WHAT YOU WILL DO. Please write out the final portion of the records below exactly: the line containing "using chain[OF k(1) i, of", every line after it, and nothing else.

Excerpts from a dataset
-*-

text \<open>A complete \<open>\<real>\<close>-tree \<open>Y\<close> is hyperconvex: closed balls that pairwise intersect have a
  common point. Hence for \<open>f \<in> \<N>(A,Y)\<close> and \<open>x \<in> X\<close> the set \<open>E(f,x)\<close> of admissible values
  \<open>y\<close>, those with \<open>d(y, f a) \<le> d(x, a)\<close> for all \<open>a \<in> A\<close>, is nonempty; it is geodesically
  convex, and by hyperconvexity again \<open>E(g,x')\<close> lies within Hausdorff distance
  \<open>d(x,x') + d\<^sub>\<infinity>(f,g)\<close> of \<open>E(f,x)\<close>. Define \<open>\<alpha>(f)(x)\<close> as the point of \<open>E(f,x)\<close> nearest to a fixed
  base point. In an \<open>\<real>\<close>-tree the nearest-point map onto convex sets is 1-Lipschitz for the
  Hausdorff distance, which gives both \<open>\<alpha>(f) \<in> \<N>(X,Y)\<close> and \<open>d\<^sub>\<infinity>(\<alpha> f, \<alpha> g) \<le> d\<^sub>\<infinity>(f,g)\<close>.\<close>

lemma (in Metric_space) mcomplete_chain_limit:
  assumes "mcomplete" "I \<noteq> {}" "x ` I \<subseteq> M" "bdd_above (s ` I)"
    and chain: "\<And>i j. i \<in> I \<Longrightarrow> j \<in> I \<Longrightarrow> d (x i) (x j) \<le> \<bar>s i - s j\<bar>"
  obtains p where "p \<in> M" "\<And>i. i \<in> I \<Longrightarrow> d p (x i) \<le> Sup (s ` I) - s i"
proof -
  define \<sigma> where "\<sigma> = Sup (s ` I)"
  have below: "s i \<le> \<sigma>" if "i \<in> I" for i
    unfolding \<sigma>_def using cSup_upper[OF imageI[OF that] assms(4)] .
  have gap: "\<bar>s i - s j\<bar> \<le> (\<sigma> - s i) + (\<sigma> - s j)" if "i \<in> I" "j \<in> I" for i j
    using below[OF that(1)] below[OF that(2)] unfolding abs_le_iff by linarith
  have approx: "\<forall>n. \<exists>i. i \<in> I \<and> \<sigma> - s i < inverse (real (Suc n))"
  proof
    fix n
    have "\<exists>i\<in>I. \<sigma> - inverse (real (Suc n)) < s i"
      using less_cSup_iff[of "s ` I" "\<sigma> - inverse (real (Suc n))"] assms(2,4)
      unfolding \<sigma>_def by simp
    then show "\<exists>i. i \<in> I \<and> \<sigma> - s i < inverse (real (Suc n))"
      by auto
  qed
  obtain k where k: "\<And>n. k n \<in> I" "\<And>n. \<sigma> - s (k n) < inverse (real (Suc n))"
    using choice[OF approx] by blast
  have close: "\<sigma> - s (k n) < e" if "inverse (real (Suc N)) < e" "N \<le> n" for e N n
  proof -
    have "inverse (real (Suc n)) \<le> inverse (real (Suc N))"
      using that(2) by (simp add: le_imp_inverse_le)
    then show ?thesis
      using k(2)[of n] that(1) by linarith
  qed
  have "MCauchy (x \<circ> k)"
    unfolding MCauchy_def
  proof (intro conjI allI impI)
    show "range (x \<circ> k) \<subseteq> M"
      using k(1) assms(3) by auto
    fix e :: real assume "0 < e"
    then obtain N where N: "inverse (real (Suc N)) < e / 2"
      using reals_Archimedean half_gt_zero by blast
    have "d (x (k n)) (x (k n')) < e" if "N \<le> n" "N \<le> n'" for n n'
      using chain[OF k(1) k(1), of n n'] gap[OF k(1) k(1), of n n'] close[OF N that(1)]
        close[OF N that(2)] by linarith
    then show "\<exists>N. \<forall>n n'. N \<le> n \<longrightarrow> N \<le> n' \<longrightarrow> d ((x \<circ> k) n) ((x \<circ> k) n') < e"
      by auto
  qed
  then obtain p where "limitin mtopology (x \<circ> k) p sequentially"
    using assms(1) unfolding mcomplete_def by blast
  then have p: "p \<in> M" "\<And>e. 0 < e \<Longrightarrow> \<exists>N. \<forall>n\<ge>N. d (x (k n)) p < e"
    unfolding limit_metric_sequentially by (auto simp: o_def) meson
  have "d p (x i) \<le> \<sigma> - s i" if i: "i \<in> I" for i
  proof (rule field_le_epsilon)
    fix e :: real assume "0 < e"
    then obtain N1 where N1: "\<forall>n\<ge>N1. d (x (k n)) p < e / 2"
      using p(2)[of "e / 2"] by auto
    obtain N2 where N2: "inverse (real (Suc N2)) < e / 2"
      using reals_Archimedean \<open>0 < e\<close> half_gt_zero by blast
    define n where "n = max N1 N2"
    have "d p (x i) \<le> d p (x (k n)) + d (x (k n)) (x i)"
      using triangle p(1) k(1) i assms(3) by blast
    moreover have "d p (x (k n)) < e / 2"
      using N1 commute n_def by auto
    moreover have "\<sigma> - s (k n) < e / 2"
      using close[OF N2] n_def by auto
    ultimately show "d p (x i) \<le> \<sigma> - s i + e"
      using chain[OF k(1) i, of n] gap[OF k(1) i, of n] by linarith
  qed
  then show ?thesis
    using that p(1) unfolding \<sigma>_def by blast
qed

-*-

RESPONSE AREA.
      using chain[OF k(1) i, of n] gap[OF k(1) i, of n] by linarith
  qed
  then show ?thesis
    using that p(1) unfolding \<sigma>_def by blast
qed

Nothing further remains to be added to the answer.